[Records from a collection]
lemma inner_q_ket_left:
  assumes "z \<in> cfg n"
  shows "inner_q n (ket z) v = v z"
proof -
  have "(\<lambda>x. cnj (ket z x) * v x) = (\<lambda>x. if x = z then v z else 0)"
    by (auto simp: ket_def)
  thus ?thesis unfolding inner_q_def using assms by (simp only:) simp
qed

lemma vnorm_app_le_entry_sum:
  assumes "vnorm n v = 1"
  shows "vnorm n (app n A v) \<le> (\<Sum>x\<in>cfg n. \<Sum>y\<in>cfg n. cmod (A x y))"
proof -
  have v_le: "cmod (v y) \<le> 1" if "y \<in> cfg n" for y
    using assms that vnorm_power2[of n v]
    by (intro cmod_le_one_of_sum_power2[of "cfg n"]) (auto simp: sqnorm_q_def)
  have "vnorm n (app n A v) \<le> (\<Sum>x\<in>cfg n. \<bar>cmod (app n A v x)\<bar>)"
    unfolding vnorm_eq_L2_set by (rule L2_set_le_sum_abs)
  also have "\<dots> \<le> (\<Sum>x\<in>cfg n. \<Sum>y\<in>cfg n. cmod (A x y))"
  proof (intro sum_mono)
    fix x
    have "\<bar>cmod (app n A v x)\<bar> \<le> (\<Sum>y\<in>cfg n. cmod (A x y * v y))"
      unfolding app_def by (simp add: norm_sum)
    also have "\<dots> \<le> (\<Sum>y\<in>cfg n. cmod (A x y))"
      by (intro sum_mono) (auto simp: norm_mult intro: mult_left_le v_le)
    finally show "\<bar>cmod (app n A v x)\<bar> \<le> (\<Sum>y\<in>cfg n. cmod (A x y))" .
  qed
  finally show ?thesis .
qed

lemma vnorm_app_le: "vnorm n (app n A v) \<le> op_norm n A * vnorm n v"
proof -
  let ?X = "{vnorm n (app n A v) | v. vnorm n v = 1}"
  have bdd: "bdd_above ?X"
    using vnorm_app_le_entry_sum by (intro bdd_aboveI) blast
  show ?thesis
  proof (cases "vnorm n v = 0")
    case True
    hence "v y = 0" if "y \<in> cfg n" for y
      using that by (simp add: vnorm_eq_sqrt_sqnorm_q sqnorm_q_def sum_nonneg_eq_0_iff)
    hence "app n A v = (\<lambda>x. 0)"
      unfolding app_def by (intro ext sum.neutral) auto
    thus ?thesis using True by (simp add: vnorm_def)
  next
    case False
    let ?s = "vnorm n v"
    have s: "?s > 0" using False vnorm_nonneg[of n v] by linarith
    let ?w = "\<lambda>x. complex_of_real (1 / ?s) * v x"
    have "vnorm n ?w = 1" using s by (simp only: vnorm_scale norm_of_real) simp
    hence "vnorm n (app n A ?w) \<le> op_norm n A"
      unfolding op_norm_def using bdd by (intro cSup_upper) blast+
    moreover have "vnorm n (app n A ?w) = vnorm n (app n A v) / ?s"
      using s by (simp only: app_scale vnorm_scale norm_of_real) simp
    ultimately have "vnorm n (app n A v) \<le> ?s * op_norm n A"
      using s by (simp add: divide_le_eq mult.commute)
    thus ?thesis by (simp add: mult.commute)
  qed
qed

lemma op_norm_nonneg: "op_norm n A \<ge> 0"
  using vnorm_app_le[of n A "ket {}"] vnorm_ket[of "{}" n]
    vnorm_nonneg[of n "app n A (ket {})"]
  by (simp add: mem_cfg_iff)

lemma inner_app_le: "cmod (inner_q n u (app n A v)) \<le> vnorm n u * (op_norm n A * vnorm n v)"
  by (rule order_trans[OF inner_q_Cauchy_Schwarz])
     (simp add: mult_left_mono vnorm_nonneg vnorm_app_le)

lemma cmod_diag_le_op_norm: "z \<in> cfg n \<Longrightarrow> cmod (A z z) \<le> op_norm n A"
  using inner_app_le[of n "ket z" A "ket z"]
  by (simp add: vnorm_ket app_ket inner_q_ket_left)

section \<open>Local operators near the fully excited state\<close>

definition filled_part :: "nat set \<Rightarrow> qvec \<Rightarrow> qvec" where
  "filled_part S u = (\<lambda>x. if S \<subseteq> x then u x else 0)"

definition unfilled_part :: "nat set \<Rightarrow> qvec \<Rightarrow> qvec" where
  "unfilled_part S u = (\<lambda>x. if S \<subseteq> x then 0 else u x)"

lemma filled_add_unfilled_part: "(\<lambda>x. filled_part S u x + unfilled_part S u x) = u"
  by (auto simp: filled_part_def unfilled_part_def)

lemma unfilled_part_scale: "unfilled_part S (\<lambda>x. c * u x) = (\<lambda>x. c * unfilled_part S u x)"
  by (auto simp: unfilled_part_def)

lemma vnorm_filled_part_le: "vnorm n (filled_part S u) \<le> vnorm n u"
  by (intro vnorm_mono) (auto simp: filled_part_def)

• What needs to be done: Copy each record above so that no word or mark differs.

• Finished task:
lemma inner_q_ket_left:
  assumes "z \<in> cfg n"
  shows "inner_q n (ket z) v = v z"
proof -
  have "(\<lambda>x. cnj (ket z x) * v x) = (\<lambda>x. if x = z then v z else 0)"
    by (auto simp: ket_def)
  thus ?thesis unfolding inner_q_def using assms by (simp only:) simp
qed

lemma vnorm_app_le_entry_sum:
  assumes "vnorm n v = 1"
  shows "vnorm n (app n A v) \<le> (\<Sum>x\<in>cfg n. \<Sum>y\<in>cfg n. cmod (A x y))"
proof -
  have v_le: "cmod (v y) \<le> 1" if "y \<in> cfg n" for y
    using assms that vnorm_power2[of n v]
    by (intro cmod_le_one_of_sum_power2[of "cfg n"]) (auto simp: sqnorm_q_def)
  have "vnorm n (app n A v) \<le> (\<Sum>x\<in>cfg n. \<bar>cmod (app n A v x)\<bar>)"
    unfolding vnorm_eq_L2_set by (rule L2_set_le_sum_abs)
  also have "\<dots> \<le> (\<Sum>x\<in>cfg n. \<Sum>y\<in>cfg n. cmod (A x y))"
  proof (intro sum_mono)
    fix x
    have "\<bar>cmod (app n A v x)\<bar> \<le> (\<Sum>y\<in>cfg n. cmod (A x y * v y))"
      unfolding app_def by (simp add: norm_sum)
    also have "\<dots> \<le> (\<Sum>y\<in>cfg n. cmod (A x y))"
      by (intro sum_mono) (auto simp: norm_mult intro: mult_left_le v_le)
    finally show "\<bar>cmod (app n A v x)\<bar> \<le> (\<Sum>y\<in>cfg n. cmod (A x y))" .
  qed
  finally show ?thesis .
qed

lemma vnorm_app_le: "vnorm n (app n A v) \<le> op_norm n A * vnorm n v"
proof -
  let ?X = "{vnorm n (app n A v) | v. vnorm n v = 1}"
  have bdd: "bdd_above ?X"
    using vnorm_app_le_entry_sum by (intro bdd_aboveI) blast
  show ?thesis
  proof (cases "vnorm n v = 0")
    case True
    hence "v y = 0" if "y \<in> cfg n" for y
      using that by (simp add: vnorm_eq_sqrt_sqnorm_q sqnorm_q_def sum_nonneg_eq_0_iff)
    hence "app n A v = (\<lambda>x. 0)"
      unfolding app_def by (intro ext sum.neutral) auto
    thus ?thesis using True by (simp add: vnorm_def)
  next
    case False
    let ?s = "vnorm n v"
    have s: "?s > 0" using False vnorm_nonneg[of n v] by linarith
    let ?w = "\<lambda>x. complex_of_real (1 / ?s) * v x"
    have "vnorm n ?w = 1" using s by (simp only: vnorm_scale norm_of_real) simp
    hence "vnorm n (app n A ?w) \<le> op_norm n A"
      unfolding op_norm_def using bdd by (intro cSup_upper) blast+
    moreover have "vnorm n (app n A ?w) = vnorm n (app n A v) / ?s"
      using s by (simp only: app_scale vnorm_scale norm_of_real) simp
    ultimately have "vnorm n (app n A v) \<le> ?s * op_norm n A"
      using s by (simp add: divide_le_eq mult.commute)
    thus ?thesis by (simp add: mult.commute)
  qed
qed

lemma op_norm_nonneg: "op_norm n A \<ge> 0"
  using vnorm_app_le[of n A "ket {}"] vnorm_ket[of "{}" n]
    vnorm_nonneg[of n "app n A (ket {})"]
  by (simp add: mem_cfg_iff)

lemma inner_app_le: "cmod (inner_q n u (app n A v)) \<le> vnorm n u * (op_norm n A * vnorm n v)"
  by (rule order_trans[OF inner_q_Cauchy_Schwarz])
     (simp add: mult_left_mono vnorm_nonneg vnorm_app_le)

lemma cmod_diag_le_op_norm: "z \<in> cfg n \<Longrightarrow> cmod (A z z) \<le> op_norm n A"
  using inner_app_le[of n "ket z" A "ket z"]
  by (simp add: vnorm_ket app_ket inner_q_ket_left)

section \<open>Local operators near the fully excited state\<close>

definition filled_part :: "nat set \<Rightarrow> qvec \<Rightarrow> qvec" where
  "filled_part S u = (\<lambda>x. if S \<subseteq> x then u x else 0)"

definition unfilled_part :: "nat set \<Rightarrow> qvec \<Rightarrow> qvec" where
  "unfilled_part S u = (\<lambda>x. if S \<subseteq> x then 0 else u x)"

lemma filled_add_unfilled_part: "(\<lambda>x. filled_part S u x + unfilled_part S u x) = u"
  by (auto simp: filled_part_def unfilled_part_def)

lemma unfilled_part_scale: "unfilled_part S (\<lambda>x. c * u x) = (\<lambda>x. c * unfilled_part S u x)"
  by (auto simp: unfilled_part_def)

lemma vnorm_filled_part_le: "vnorm n (filled_part S u) \<le> vnorm n u"
  by (intro vnorm_mono) (auto simp: filled_part_def)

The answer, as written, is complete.